**** Records to process ****

text \<open>Subtracting the remaining noise \<open>r k = \<Sum>j\<ge>k. \<gamma> j * (v j - m j)\<close> turns the noisy
  averaging into a noise-free one for \<open>x k - J + r k\<close>, with the vanishing
  perturbation \<open>r k\<close> moved into the target.\<close>
lemma averaged_iteration_eventually_le:
  fixes x v m :: "nat \<Rightarrow> 's::finite \<Rightarrow> real" and J :: "'s \<Rightarrow> real"
  assumes step: "\<And>k i. x (Suc k) i = (1 - \<gamma> k) * x k i + \<gamma> k * v k i"
    and target: "\<And>k. norm_inf (\<lambda>i. m k i - J i) \<le> \<beta> * norm_inf (\<lambda>i. x k i - J i) + \<delta>"
    and noise: "\<And>i. convergent (\<lambda>n. \<Sum>k<n. \<gamma> k * (v k i - m k i))"
    and step_pos: "\<And>k. 0 < \<gamma> k" and step_le_1: "\<And>k. \<gamma> k \<le> 1" and step_div: "\<not> summable \<gamma>"
    and "0 \<le> \<beta>" "\<beta> < 1" and "\<epsilon> > 0"
  shows "eventually (\<lambda>k. norm_inf (\<lambda>i. x k i - J i) \<le> \<delta> / (1 - \<beta>) + \<epsilon>) sequentially"
proof -
  define S where "S n i = (\<Sum>k<n. \<gamma> k * (v k i - m k i))" for n i
  define r where "r k i = lim (\<lambda>n. S n i) - S k i" for k i
  define z where "z k = norm_inf (\<lambda>i. x k i - J i + r k i)" for k
  have "(\<lambda>k. r k i) \<longlonglongrightarrow> lim (\<lambda>n. S n i) - lim (\<lambda>n. S n i)" for i
    unfolding r_def using noise[of i]
    by (intro tendsto_intros) (simp add: S_def convergent_LIMSEQ_iff)
  then have r_lim: "(\<lambda>k. norm_inf (r k)) \<longlonglongrightarrow> 0"
    by (intro tendsto_norm_inf_0) simp
  have "eventually (\<lambda>k. z k \<le> \<delta> / (1 - \<beta>) + \<epsilon> / 2) sequentially"
  proof (rule averaging_recursion_eventually_le)
    show "z (Suc k) \<le> (1 - \<gamma> k * (1 - \<beta>)) * z k
        + \<gamma> k * (1 - \<beta>) * (((1 + \<beta>) * norm_inf (r k) + \<delta>) / (1 - \<beta>))" for k
      unfolding z_def using step target step_pos step_le_1 \<open>0 \<le> \<beta>\<close> \<open>\<beta> < 1\<close>
      by (intro norm_inf_shifted_averaging_le) (auto simp: r_def S_def)
    show "\<And>k. 0 < \<gamma> k * (1 - \<beta>)" "\<And>k. \<gamma> k * (1 - \<beta>) \<le> 1"
      using step_pos step_le_1 \<open>0 \<le> \<beta>\<close> \<open>\<beta> < 1\<close> by (simp_all add: mult_le_one)
    show "\<not> summable (\<lambda>k. \<gamma> k * (1 - \<beta>))"
      using step_div \<open>\<beta> < 1\<close> summable_divide[of "\<lambda>k. \<gamma> k * (1 - \<beta>)" "1 - \<beta>"] by auto
    show "(\<lambda>k. ((1 + \<beta>) * norm_inf (r k) + \<delta>) / (1 - \<beta>)) \<longlonglongrightarrow> \<delta> / (1 - \<beta>)"
      using \<open>\<beta> < 1\<close> by (auto intro!: tendsto_eq_intros r_lim)
  qed (use \<open>\<epsilon> > 0\<close> in simp)
  moreover have "eventually (\<lambda>k. norm_inf (r k) \<le> \<epsilon> / 2) sequentially"
    using order_tendstoD(2)[OF r_lim, of "\<epsilon> / 2"] \<open>\<epsilon> > 0\<close> by (auto elim: eventually_mono)
  ultimately show ?thesis
  proof eventually_elim
    case (elim k)
    moreover have "norm_inf (\<lambda>i. x k i - J i) \<le> z k + norm_inf (r k)"
      using norm_inf_add_le[of "\<lambda>i. x k i - J i + r k i" "\<lambda>i. - r k i"] by (simp add: z_def norm_inf_uminus)
    ultimately show ?case by linarith
  qed
qed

****

▶ _Task to carry out_: Return only those lines that run from the one containing "using step_div \<open>\<beta>" through the end of the entries, keeping each exactly as written.

▶ _Problem solution_:
      using step_div \<open>\<beta> < 1\<close> summable_divide[of "\<lambda>k. \<gamma> k * (1 - \<beta>)" "1 - \<beta>"] by auto
    show "(\<lambda>k. ((1 + \<beta>) * norm_inf (r k) + \<delta>) / (1 - \<beta>)) \<longlonglongrightarrow> \<delta> / (1 - \<beta>)"
      using \<open>\<beta> < 1\<close> by (auto intro!: tendsto_eq_intros r_lim)
  qed (use \<open>\<epsilon> > 0\<close> in simp)
  moreover have "eventually (\<lambda>k. norm_inf (r k) \<le> \<epsilon> / 2) sequentially"
    using order_tendstoD(2)[OF r_lim, of "\<epsilon> / 2"] \<open>\<epsilon> > 0\<close> by (auto elim: eventually_mono)
  ultimately show ?thesis
  proof eventually_elim
    case (elim k)
    moreover have "norm_inf (\<lambda>i. x k i - J i) \<le> z k + norm_inf (r k)"
      using norm_inf_add_le[of "\<lambda>i. x k i - J i + r k i" "\<lambda>i. - r k i"] by (simp add: z_def norm_inf_uminus)
    ultimately show ?case by linarith
  qed
qed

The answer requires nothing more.